:: REQUIRED WORK ::
An exact repetition of all the entries that follow is required.

[Stored data]
============

text \<open>By \<open>pinsker_pointwise_scaled\<close> and Cauchy-Schwarz, \<open>V(P, R)\<^sup>2\<close> is at most the product of
  \<open>\<Sum> (2P + 4R)/3 = 2\<close> and \<open>\<Sum> (P ln (P/R) - P + R)\<close>, which is the divergence.\<close>

theorem pinsker_pmf:
  assumes fin: "finite (set_pmf R)" and sub: "set_pmf P \<subseteq> set_pmf R"
  shows "var_dist P R \<le> sqrt (2 * KL_pmf P R)"
proof -
  define S where "S = set_pmf R"
  define a where "a z = sqrt ((2 * pmf P z + 4 * pmf R z) / 3)" for z
  define b where "b z = sqrt (pmf P z * ln (pmf P z / pmf R z) - pmf P z + pmf R z)" for z
  have R_pos: "pmf R z > 0" if "z \<in> S" for z
    using that unfolding S_def by (simp add: pmf_positive)
  have P_sum: "(\<Sum>z\<in>S. pmf P z) = 1"
    using fin sub by (intro sum_pmf_eq_1) (auto simp: S_def)
  have R_sum: "(\<Sum>z\<in>S. pmf R z) = 1"
    using fin by (intro sum_pmf_eq_1) (auto simp: S_def)
  have "var_dist P R = (\<Sum>z\<in>S. \<bar>pmf P z - pmf R z\<bar>)"
    using fin sub by (intro var_dist_eq_sum) (simp_all add: S_def)
  also have "\<dots> \<le> (\<Sum>z\<in>S. a z * b z)"
    unfolding a_def b_def using R_pos by (intro sum_mono pinsker_pointwise_scaled) auto
  finally have "var_dist P R ^ 2 \<le> (\<Sum>z\<in>S. a z * b z)^2"
    by (rule power_mono) (simp add: var_dist_def infsum_nonneg)
  also have "\<dots> \<le> (\<Sum>z\<in>S. (a z)^2) * (\<Sum>z\<in>S. (b z)^2)"
    by (rule Cauchy_Schwarz_ineq_sum)
  also have "(\<Sum>z\<in>S. (a z)^2) = 2"
  proof -
    have "(\<Sum>z\<in>S. (a z)^2) = (\<Sum>z\<in>S. 2 * pmf P z + 4 * pmf R z) / 3"
      unfolding a_def by (simp add: sum_divide_distrib)
    also have "\<dots> = (2 * (\<Sum>z\<in>S. pmf P z) + 4 * (\<Sum>z\<in>S. pmf R z)) / 3"
      by (simp only: sum.distrib sum_distrib_left)
    finally show ?thesis by (simp add: P_sum R_sum)
  qed
  also have "(\<Sum>z\<in>S. (b z)^2) = KL_pmf P R"
  proof -
    have "(b z)^2 = pmf P z * ln (pmf P z / pmf R z) - pmf P z + pmf R z" if "z \<in> S" for z
      using relative_gap_nonneg[OF pmf_nonneg R_pos[OF that]] by (simp add: b_def)
    hence "(\<Sum>z\<in>S. (b z)^2) = (\<Sum>z\<in>S. pmf P z * ln (pmf P z / pmf R z) - pmf P z + pmf R z)"
      by (rule sum.cong[OF refl])
    also have "\<dots> = (\<Sum>z\<in>S. ln (pmf P z / pmf R z) * pmf P z)"
      by (simp only: sum.distrib sum_subtractf P_sum R_sum mult.commute)
    also have "\<dots> = KL_pmf P R"
      unfolding KL_pmf_def using fin sub
      by (intro integral_measure_pmf_real[symmetric]) (auto simp: S_def)
    finally show ?thesis .
  qed
  finally show ?thesis
    by (simp add: real_le_rsqrt)
qed
lemma nn_integral_potential_Suc_le:
  assumes eps: "0 < eps" "eps < 1"
  shows "(\<integral>\<^sup>+y. ennreal (potential eps (covered_measure eps (x(Suc t := y)) (Suc t))) \<partial>unif)
    \<le> ennreal (63/64) * ennreal (potential eps (covered_measure eps x t))"
proof (cases "2 - eps \<le> covered_measure eps x t")
  case True
  then have "potential eps (covered_measure eps (x(Suc t := y)) (Suc t)) = 0" for y
    using covered_measure_Suc_mono[of eps x t y] unfolding potential_def by simp
  then show ?thesis by simp
next
  case False
  define b where "b = covered_measure eps x t"
  define B where "B = covered eps x t \<inter> {-1<..<1}"
  define G where "G = {y. ennreal (min b (2 - b) / 32) \<le> overlap B ({-1<..<1} - B) y}"
  have [measurable]: "B \<in> sets borel" "G \<in> sets borel" unfolding B_def G_def by measurable
  have b: "0 < b" "b < 2 - eps"
    using False covered_measure_ge[of eps x t] eps unfolding b_def by auto
  interpret unif: prob_space unif by (rule prob_space_unif)
  have "measure unif G = measure lborel (G \<inter> {-1..1}) / 2"
    by (rule measure_unif) simp
  then have prob_G: "1/32 \<le> measure unif G"
    using measure_large_overlap_ge[of B] unfolding G_def b_def covered_measure_def B_def by auto
  have "potential eps (covered_measure eps (x(Suc t := y)) (Suc t)) \<le> exp (-1) * potential eps b"
    if "y \<in> G" for y
  proof -
    have "ennreal (b + min b (2 - b) / 32) = ennreal b + ennreal (min b (2 - b) / 32)"
      using b eps by (intro ennreal_plus) auto
    also have "\<dots> \<le> ennreal b + overlap B ({-1<..<1} - B) y"
      using that unfolding G_def by (auto intro: add_left_mono)
    also have "\<dots> \<le> ennreal (covered_measure eps (x(Suc t := y)) (Suc t))"
      unfolding b_def B_def by (rule covered_measure_Suc_ge)
    finally have "b + min b (2 - b) / 32 \<le> covered_measure eps (x(Suc t := y)) (Suc t)"
      by (simp only: ennreal_le_iff[OF covered_measure_nonneg])
    then show ?thesis using b eps by (intro potential_step) auto
  qed
  moreover have "potential eps (covered_measure eps (x(Suc t := y)) (Suc t)) \<le> potential eps b" for y
    unfolding b_def using b eps covered_measure_Suc_mono[of eps x t y]
    by (intro potential_antimono) (auto simp: b_def)
  ultimately have "(\<integral>\<^sup>+y. ennreal (potential eps (covered_measure eps (x(Suc t := y)) (Suc t))) \<partial>unif)
      \<le> ennreal ((1 - 1/32 * (1 - exp (-1))) * potential eps b)"
    using prob_G potential_nonneg[of eps b]
    by (intro unif.nn_integral_le_contraction[of G]) (auto intro: ennreal_leI)
  also have "\<dots> \<le> ennreal (63/64 * potential eps b)"
  proof (intro ennreal_leI mult_right_mono potential_nonneg)
    show "1 - 1/32 * (1 - exp (-1)) \<le> (63/64 :: real)"
      using exp_ge_add_one_self[of 1] by (simp add: exp_minus field_simps)
  qed
  also have "\<dots> = ennreal (63/64) * ennreal (potential eps b)" by (rule ennreal_mult') simp
  finally show ?thesis unfolding b_def .
qed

============

:: THE ANSWER ::
text \<open>By \<open>pinsker_pointwise_scaled\<close> and Cauchy-Schwarz, \<open>V(P, R)\<^sup>2\<close> is at most the product of
  \<open>\<Sum> (2P + 4R)/3 = 2\<close> and \<open>\<Sum> (P ln (P/R) - P + R)\<close>, which is the divergence.\<close>

theorem pinsker_pmf:
  assumes fin: "finite (set_pmf R)" and sub: "set_pmf P \<subseteq> set_pmf R"
  shows "var_dist P R \<le> sqrt (2 * KL_pmf P R)"
proof -
  define S where "S = set_pmf R"
  define a where "a z = sqrt ((2 * pmf P z + 4 * pmf R z) / 3)" for z
  define b where "b z = sqrt (pmf P z * ln (pmf P z / pmf R z) - pmf P z + pmf R z)" for z
  have R_pos: "pmf R z > 0" if "z \<in> S" for z
    using that unfolding S_def by (simp add: pmf_positive)
  have P_sum: "(\<Sum>z\<in>S. pmf P z) = 1"
    using fin sub by (intro sum_pmf_eq_1) (auto simp: S_def)
  have R_sum: "(\<Sum>z\<in>S. pmf R z) = 1"
    using fin by (intro sum_pmf_eq_1) (auto simp: S_def)
  have "var_dist P R = (\<Sum>z\<in>S. \<bar>pmf P z - pmf R z\<bar>)"
    using fin sub by (intro var_dist_eq_sum) (simp_all add: S_def)
  also have "\<dots> \<le> (\<Sum>z\<in>S. a z * b z)"
    unfolding a_def b_def using R_pos by (intro sum_mono pinsker_pointwise_scaled) auto
  finally have "var_dist P R ^ 2 \<le> (\<Sum>z\<in>S. a z * b z)^2"
    by (rule power_mono) (simp add: var_dist_def infsum_nonneg)
  also have "\<dots> \<le> (\<Sum>z\<in>S. (a z)^2) * (\<Sum>z\<in>S. (b z)^2)"
    by (rule Cauchy_Schwarz_ineq_sum)
  also have "(\<Sum>z\<in>S. (a z)^2) = 2"
  proof -
    have "(\<Sum>z\<in>S. (a z)^2) = (\<Sum>z\<in>S. 2 * pmf P z + 4 * pmf R z) / 3"
      unfolding a_def by (simp add: sum_divide_distrib)
    also have "\<dots> = (2 * (\<Sum>z\<in>S. pmf P z) + 4 * (\<Sum>z\<in>S. pmf R z)) / 3"
      by (simp only: sum.distrib sum_distrib_left)
    finally show ?thesis by (simp add: P_sum R_sum)
  qed
  also have "(\<Sum>z\<in>S. (b z)^2) = KL_pmf P R"
  proof -
    have "(b z)^2 = pmf P z * ln (pmf P z / pmf R z) - pmf P z + pmf R z" if "z \<in> S" for z
      using relative_gap_nonneg[OF pmf_nonneg R_pos[OF that]] by (simp add: b_def)
    hence "(\<Sum>z\<in>S. (b z)^2) = (\<Sum>z\<in>S. pmf P z * ln (pmf P z / pmf R z) - pmf P z + pmf R z)"
      by (rule sum.cong[OF refl])
    also have "\<dots> = (\<Sum>z\<in>S. ln (pmf P z / pmf R z) * pmf P z)"
      by (simp only: sum.distrib sum_subtractf P_sum R_sum mult.commute)
    also have "\<dots> = KL_pmf P R"
      unfolding KL_pmf_def using fin sub
      by (intro integral_measure_pmf_real[symmetric]) (auto simp: S_def)
    finally show ?thesis .
  qed
  finally show ?thesis
    by (simp add: real_le_rsqrt)
qed
lemma nn_integral_potential_Suc_le:
  assumes eps: "0 < eps" "eps < 1"
  shows "(\<integral>\<^sup>+y. ennreal (potential eps (covered_measure eps (x(Suc t := y)) (Suc t))) \<partial>unif)
    \<le> ennreal (63/64) * ennreal (potential eps (covered_measure eps x t))"
proof (cases "2 - eps \<le> covered_measure eps x t")
  case True
  then have "potential eps (covered_measure eps (x(Suc t := y)) (Suc t)) = 0" for y
    using covered_measure_Suc_mono[of eps x t y] unfolding potential_def by simp
  then show ?thesis by simp
next
  case False
  define b where "b = covered_measure eps x t"
  define B where "B = covered eps x t \<inter> {-1<..<1}"
  define G where "G = {y. ennreal (min b (2 - b) / 32) \<le> overlap B ({-1<..<1} - B) y}"
  have [measurable]: "B \<in> sets borel" "G \<in> sets borel" unfolding B_def G_def by measurable
  have b: "0 < b" "b < 2 - eps"
    using False covered_measure_ge[of eps x t] eps unfolding b_def by auto
  interpret unif: prob_space unif by (rule prob_space_unif)
  have "measure unif G = measure lborel (G \<inter> {-1..1}) / 2"
    by (rule measure_unif) simp
  then have prob_G: "1/32 \<le> measure unif G"
    using measure_large_overlap_ge[of B] unfolding G_def b_def covered_measure_def B_def by auto
  have "potential eps (covered_measure eps (x(Suc t := y)) (Suc t)) \<le> exp (-1) * potential eps b"
    if "y \<in> G" for y
  proof -
    have "ennreal (b + min b (2 - b) / 32) = ennreal b + ennreal (min b (2 - b) / 32)"
      using b eps by (intro ennreal_plus) auto
    also have "\<dots> \<le> ennreal b + overlap B ({-1<..<1} - B) y"
      using that unfolding G_def by (auto intro: add_left_mono)
    also have "\<dots> \<le> ennreal (covered_measure eps (x(Suc t := y)) (Suc t))"
      unfolding b_def B_def by (rule covered_measure_Suc_ge)
    finally have "b + min b (2 - b) / 32 \<le> covered_measure eps (x(Suc t := y)) (Suc t)"
      by (simp only: ennreal_le_iff[OF covered_measure_nonneg])
    then show ?thesis using b eps by (intro potential_step) auto
  qed
  moreover have "potential eps (covered_measure eps (x(Suc t := y)) (Suc t)) \<le> potential eps b" for y
    unfolding b_def using b eps covered_measure_Suc_mono[of eps x t y]
    by (intro potential_antimono) (auto simp: b_def)
  ultimately have "(\<integral>\<^sup>+y. ennreal (potential eps (covered_measure eps (x(Suc t := y)) (Suc t))) \<partial>unif)
      \<le> ennreal ((1 - 1/32 * (1 - exp (-1))) * potential eps b)"
    using prob_G potential_nonneg[of eps b]
    by (intro unif.nn_integral_le_contraction[of G]) (auto intro: ennreal_leI)
  also have "\<dots> \<le> ennreal (63/64 * potential eps b)"
  proof (intro ennreal_leI mult_right_mono potential_nonneg)
    show "1 - 1/32 * (1 - exp (-1)) \<le> (63/64 :: real)"
      using exp_ge_add_one_self[of 1] by (simp add: exp_minus field_simps)
  qed
  also have "\<dots> = ennreal (63/64) * ennreal (potential eps b)" by (rule ennreal_mult') simp
  finally show ?thesis unfolding b_def .
qed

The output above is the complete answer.